Weekly Gold Tading Report prepared by Sive Morten exclusively for ForexPeaceArmy.com

As Reuters reports Gold pared gains on Friday, heading for a second weekly drop, after data showing U.S. consumer prices rose in March tempered speculation the Federal Reserve will delay its first interest rate rise in nearly a decade.

The metal held above the $1,200 an ounce level, however, which it broke above earlier this week after a run of downbeat U.S. data led analysts to reassess expectations the Fed would raise rates in June.

The dollar turned positive after U.S. inflation data.

"Still seems very much (like) range bound trading in the days ahead," said Steve Scacalossi, Director and Head of Sales for Global Metals at TD Securities in New York, in a note.

"Some attention is now focused on the end of April for some guidance from the next FOMC meeting on 29th April.

Gold is sensitive to U.S. monetary policy, as rising rates would boost the dollar, in which the metal is priced, while lifting the opportunity cost of holding non-yielding bullion.

"Even if the rate rise gets pushed back, people still see rates rising, and we believe that's still a negative for gold," Julius Baer commodity analyst Warren Kreyzig said.

"The delay may give gold a reprieve, but in the long term we think it will still go down."

Adding to the rates uncertainty were comments from Fed officials on Thursday that showed officials at odds over the timing of a move.

"Expectation once again is for rate rises to be pushed out even later.

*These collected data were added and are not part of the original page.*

lemma scaled_integral_kernel_weight_ge:
  assumes \<theta>: "0 < \<theta>" "\<theta> < pi" and \<alpha>: "2 \<le> \<alpha>" and r: "1 \<le> r" and lam: "0 < lam" "lam \<le> 1/2"
  shows "1 - \<theta> / pi - 2 * lam\<^sup>2 - r * lam * (2 * (1 - \<theta> / pi) + \<alpha> * sin \<theta> / (pi * (\<alpha> - 1)))
     \<le> \<alpha> * sin \<theta> / pi * integral {0..1/lam} (\<lambda>s. kernel \<alpha> \<theta> s * (1 - lam * s) powr r)"
proof -
  define P where "P = \<alpha> * sin \<theta> / pi"
  define I where "I = integral {0..1/lam} (kernel \<alpha> \<theta>)"
  define J where "J = integral {0..1/lam} (\<lambda>s. s * kernel \<alpha> \<theta> s)"
  have c: "cos \<theta> < 1" using \<theta> cos_monotone_0_pi[of 0 \<theta>] by simp
  have P: "0 \<le> P" unfolding P_def using \<theta> \<alpha> by (simp add: sin_ge_zero)
  have R: "2 \<le> 1/lam" using lam by (simp add: field_simps)
  have lower: "1 - \<theta> / pi - 2 * lam\<^sup>2 \<le> P * I"
    using scaled_integral_kernel_ge[OF \<theta> \<alpha> R] unfolding P_def I_def by (simp add: power_one_over)
  have upper: "P * I \<le> 1 - \<theta> / pi"
    using scaled_integral_kernel_le[OF \<theta>, of \<alpha> "1/lam"] \<alpha> lam unfolding P_def I_def by simp
  have "P * J \<le> P * (2 * I + 1 / (\<alpha> - 1))"
    using integral_s_kernel_le[OF _ c, of \<alpha> "1/lam"] \<alpha> R P unfolding I_def J_def
    by (intro mult_left_mono) auto
  also have "\<dots> = 2 * (P * I) + \<alpha> * sin \<theta> / (pi * (\<alpha> - 1))"
    unfolding P_def by (simp add: algebra_simps)
  finally have "P * J \<le> 2 * (1 - \<theta> / pi) + \<alpha> * sin \<theta> / (pi * (\<alpha> - 1))"
    using upper by argo
  then have "r * lam * (P * J) \<le> r * lam * (2 * (1 - \<theta> / pi) + \<alpha> * sin \<theta> / (pi * (\<alpha> - 1)))"
    using r lam by (intro mult_left_mono) auto
  moreover have "P * (I - r * lam * J) \<le> P * integral {0..1/lam} (\<lambda>s. kernel \<alpha> \<theta> s * (1 - lam * s) powr r)"
    using integral_kernel_weight_ge[OF _ c r lam(1), of \<alpha>] \<alpha> P unfolding I_def J_def
    by (intro mult_left_mono) auto
  ultimately show ?thesis
    using lower unfolding P_def by (simp add: algebra_simps)
qed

September or October has been our base assumption for some time, but I've heard talk in the last couple of days of rate rises being pushed out to 2016," Mitsubishi analyst Jonathan Butler said. "That's all positive for gold."

Physical buying in the world's top two gold-consuming countries remained slow this week. Premiums in China improved only slightly and those in India slipped as prices stabilized at $1,200 an ounce.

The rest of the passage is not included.